Given information
lemma skew_symmetric_keep_cols_compl_mult_transpose:
  fixes S :: "'a::comm_ring_1 mat"
  assumes S: "skew_symmetric_mat n S" and w: "w \<in> carrier_vec n"
  shows "skew_symmetric_mat n (keep_cols n (S + outer_self w) (- Y)
           * transpose_mat (keep_cols n (S + outer_self w) Y) - outer_self w)"
    (is "skew_symmetric_mat n ?T")
proof -
  define M where "M = S + outer_self w"
  have M_index: "M $$ (i,j) = S $$ (i,j) + w $ i * w $ j" if "i < n" "j < n" for i j
    unfolding M_def using skew_symmetric_matD(1)[OF S] w that by simp
  have T_index: "?T $$ (i,j) = (if i \<in> Y then M $$ (j,i) else 0) + (if j \<notin> Y then M $$ (i,j) else 0)
                                - w $ i * w $ j" if "i < n" "j < n" for i j
    using that w keep_cols_compl_mult_transpose_index[OF that, of M Y] by (simp add: M_def)
  show ?thesis
    unfolding skew_symmetric_mat_def
  proof (intro conjI allI impI)
    show "?T \<in> carrier_mat n n" using w by (intro carrier_matI) simp_all
  next
    fix i j assume ij: "i < n" "j < n"
    show "?T $$ (i,j) = - ?T $$ (j,i)"
      unfolding T_index[OF ij] T_index[OF ij(2,1)] M_index[OF ij] M_index[OF ij(2,1)]
      using skew_symmetric_matD(2)[OF S ij]
      by (cases "i \<in> Y"; cases "j \<in> Y") (simp_all add: algebra_simps)
  next
    fix i assume i: "i < n"
    show "?T $$ (i,i) = 0"
      unfolding T_index[OF i i] M_index[OF i i] using skew_symmetric_matD(3)[OF S i] by simp
  qed
qed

Activity
The full data, repeated exactly, is the only acceptable output.

Expected answer
lemma skew_symmetric_keep_cols_compl_mult_transpose:
  fixes S :: "'a::comm_ring_1 mat"
  assumes S: "skew_symmetric_mat n S" and w: "w \<in> carrier_vec n"
  shows "skew_symmetric_mat n (keep_cols n (S + outer_self w) (- Y)
           * transpose_mat (keep_cols n (S + outer_self w) Y) - outer_self w)"
    (is "skew_symmetric_mat n ?T")
proof -
  define M where "M = S + outer_self w"
  have M_index: "M $$ (i,j) = S $$ (i,j) + w $ i * w $ j" if "i < n" "j < n" for i j
    unfolding M_def using skew_symmetric_matD(1)[OF S] w that by simp
  have T_index: "?T $$ (i,j) = (if i \<in> Y then M $$ (j,i) else 0) + (if j \<notin> Y then M $$ (i,j) else 0)
                                - w $ i * w $ j" if "i < n" "j < n" for i j
    using that w keep_cols_compl_mult_transpose_index[OF that, of M Y] by (simp add: M_def)
  show ?thesis
    unfolding skew_symmetric_mat_def
  proof (intro conjI allI impI)
    show "?T \<in> carrier_mat n n" using w by (intro carrier_matI) simp_all
  next
    fix i j assume ij: "i < n" "j < n"
    show "?T $$ (i,j) = - ?T $$ (j,i)"
      unfolding T_index[OF ij] T_index[OF ij(2,1)] M_index[OF ij] M_index[OF ij(2,1)]
      using skew_symmetric_matD(2)[OF S ij]
      by (cases "i \<in> Y"; cases "j \<in> Y") (simp_all add: algebra_simps)
  next
    fix i assume i: "i < n"
    show "?T $$ (i,i) = 0"
      unfolding T_index[OF i i] M_index[OF i i] using skew_symmetric_matD(3)[OF S i] by simp
  qed
qed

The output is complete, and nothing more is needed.